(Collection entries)
lemma prob_box_discrepancy_gt:
  assumes "0 < s"
  shows "prob {\<omega> \<in> space M. box_discrepancy \<omega> > s + 2 * real CARD('d) / real n}
           \<le> 2 * real n ^ (2 * CARD('d)) * exp (- 2 * real n * s\<^sup>2)"
proof -
  let ?t = "s + 2 * real CARD('d) / real n"
  define bad where
    "bad p = {\<omega> \<in> space M. s \<le> \<bar>empirical_prob (grid_box p) \<omega> - true_prob (grid_box p)\<bar>}" for p
  have bad_sets: "bad p \<in> sets M" for p
    unfolding bad_def empirical_prob_def by measurable
  have "{\<omega> \<in> space M. box_discrepancy \<omega> > ?t} \<subseteq> (\<Union>p\<in>grid_indices. bad p)"
  proof (rule subsetI, rule ccontr)
    fix \<omega> assume \<omega>: "\<omega> \<in> {\<omega> \<in> space M. box_discrepancy \<omega> > ?t}"
      and "\<omega> \<notin> (\<Union>p\<in>grid_indices. bad p)"
    then have "\<forall>p\<in>grid_indices. \<bar>empirical_prob (grid_box p) \<omega> - true_prob (grid_box p)\<bar> < s"
      by (auto simp: bad_def not_le)
    then have "\<bar>emp_box_prob n Xs \<omega> x1 x2 - box_prob M X x1 x2\<bar> < ?t" for x1 x2
      unfolding emp_box_prob_eq box_prob_eq using \<open>0 < s\<close> by (rule box_deviation_less)
    then have "box_discrepancy \<omega> \<le> ?t"
      unfolding box_discrepancy_def by (intro cSUP_least) (auto intro: less_imp_le)
    then show False using \<omega> by simp
  qed
  then have "prob {\<omega> \<in> space M. box_discrepancy \<omega> > ?t} \<le> prob (\<Union>p\<in>grid_indices. bad p)"
    using bad_sets finite_grid_indices by (intro finite_measure_mono) auto
  also have "\<dots> \<le> (\<Sum>p\<in>grid_indices. prob (bad p))"
    using bad_sets finite_grid_indices by (intro finite_measure_subadditive_finite) auto
  also have "\<dots> \<le> (\<Sum>p\<in>grid_indices. 2 * exp (- 2 * real n * s\<^sup>2))"
  proof (intro sum_mono)
    fix p
    show "prob (bad p) \<le> 2 * exp (- 2 * real n * s\<^sup>2)"
      using Hoeffding_empirical_frequency[OF indep _ _ identically_distributed X_measurable grid_box_borel]
        sample_size_pos \<open>0 < s\<close>
      by (simp add: bad_def empirical_prob_def true_prob_def)
  qed
  also have "\<dots> = 2 * real n ^ (2 * CARD('d)) * exp (- 2 * real n * s\<^sup>2)"
    by (simp add: card_grid_indices)
  finally show ?thesis .
qed

lemma box_discrepancy_tail_bounds:
  assumes "0 < \<epsilon>"
  defines "C \<equiv> 2 * real n ^ (2 * CARD('d))"
  shows "prob {\<omega> \<in> space M. box_discrepancy \<omega> > \<epsilon>}
           \<le> C * exp (- 2 * real n * \<epsilon>\<^sup>2 + 16 * \<epsilon> * real CARD('d))"
    and "prob {\<omega> \<in> space M. box_discrepancy \<omega> > 4 * real CARD('d) / real n + \<epsilon>}
           \<le> C * exp (- 2 * real n * \<epsilon>\<^sup>2)"
proof -
  define \<delta> where "\<delta> = 2 * real CARD('d) / real n"
  let ?P = "\<lambda>t. prob {\<omega> \<in> space M. box_discrepancy \<omega> > t}"
  have shifted: "?P (s + \<delta>) \<le> C * exp (- 2 * real n * s\<^sup>2)" if "0 < s" for s
    using prob_box_discrepancy_gt[OF that] by (simp add: C_def \<delta>_def)
  have "1 \<le> real n ^ (2 * CARD('d))"
    using sample_size_pos by simp
  then have "1 \<le> C"
    unfolding C_def by linarith
  have "0 < real n" "0 \<le> \<delta>"
    using sample_size_pos by (simp_all add: \<delta>_def)
  have "?P \<epsilon> \<le> C * exp (- 2 * real n * \<epsilon>\<^sup>2 + 4 * real n * \<delta> * \<epsilon>)"
    using shifted \<open>1 \<le> C\<close> \<open>0 < real n\<close> \<open>0 \<le> \<delta>\<close> \<open>0 < \<epsilon>\<close>
    by (intro tail_bound_absorb_shift) auto
  also have "\<dots> \<le> C * exp (- 2 * real n * \<epsilon>\<^sup>2 + 16 * \<epsilon> * real CARD('d))"
    using \<open>1 \<le> C\<close> \<open>0 < real n\<close> \<open>0 < \<epsilon>\<close> by (simp add: \<delta>_def)
  finally show "?P \<epsilon> \<le> C * exp (- 2 * real n * \<epsilon>\<^sup>2 + 16 * \<epsilon> * real CARD('d))" .
  have "?P (4 * real CARD('d) / real n + \<epsilon>) = ?P ((\<epsilon> + \<delta>) + \<delta>)"
    by (simp add: \<delta>_def algebra_simps)
  also have "\<dots> \<le> C * exp (- 2 * real n * (\<epsilon> + \<delta>)\<^sup>2)"
    by (rule shifted) (use \<open>0 \<le> \<delta>\<close> \<open>0 < \<epsilon>\<close> in linarith)
  also have "\<dots> \<le> C * exp (- 2 * real n * \<epsilon>\<^sup>2)"
    using \<open>1 \<le> C\<close> \<open>0 < real n\<close> \<open>0 \<le> \<delta>\<close> \<open>0 < \<epsilon>\<close> by (simp add: power_mono)
  finally show "?P (4 * real CARD('d) / real n + \<epsilon>) \<le> C * exp (- 2 * real n * \<epsilon>\<^sup>2)" .
qed

end

theorem lemma2:
  fixes M :: "'a measure" and X :: "'a \<Rightarrow> real^'d" and Xs :: "nat \<Rightarrow> 'a \<Rightarrow> real^'d"
    and n :: nat and \<epsilon> :: real
  assumes "prob_space M"
    and "\<exists>f. distributed M lborel X f"
    and "prob_space.indep_vars M (\<lambda>_. borel) Xs {1..n}"
    and "\<forall>i\<in>{1..n}. distr M borel (Xs i) = distr M borel X"
    and "n \<ge> 1"
    and "\<epsilon> > 0"
  shows "measure M {\<omega> \<in> space M.
            (SUP p\<in>UNIV. \<bar>emp_box_prob n Xs \<omega> (fst p) (snd p) - box_prob M X (fst p) (snd p)\<bar>) > \<epsilon>}
           \<le> 2 * real n ^ (2 * CARD('d)) * exp (- 2 * real n * \<epsilon>\<^sup>2 + 16 * \<epsilon> * real CARD('d))
       \<and> measure M {\<omega> \<in> space M.
            (SUP p\<in>UNIV. \<bar>emp_box_prob n Xs \<omega> (fst p) (snd p) - box_prob M X (fst p) (snd p)\<bar>)
              > 4 * real CARD('d) / real n + \<epsilon>}
           \<le> 2 * real n ^ (2 * CARD('d)) * exp (- 2 * real n * \<epsilon>\<^sup>2)"
proof -
  interpret prob_space M by fact
  obtain f where f: "distributed M lborel X f"
    using assms(2) by blast
  interpret continuous_iid_sample M X Xs n
  proof
    show "X \<in> borel_measurable M"
      using f distributed_measurable measurable_lborel1 by metis
  qed (use assms(3-5) prob_coordinate_eq_0_if_distributed[OF f] in auto)
  show ?thesis
    using box_discrepancy_tail_bounds[OF assms(6)] by (simp add: box_discrepancy_def)
qed

end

▶ Task details: A complete answer gives every line of the records holding "lambda".

▶ Task response:
  let ?P = "\<lambda>t. prob {\<omega> \<in> space M. box_discrepancy \<omega> > t}"
    and "prob_space.indep_vars M (\<lambda>_. borel) Xs {1..n}"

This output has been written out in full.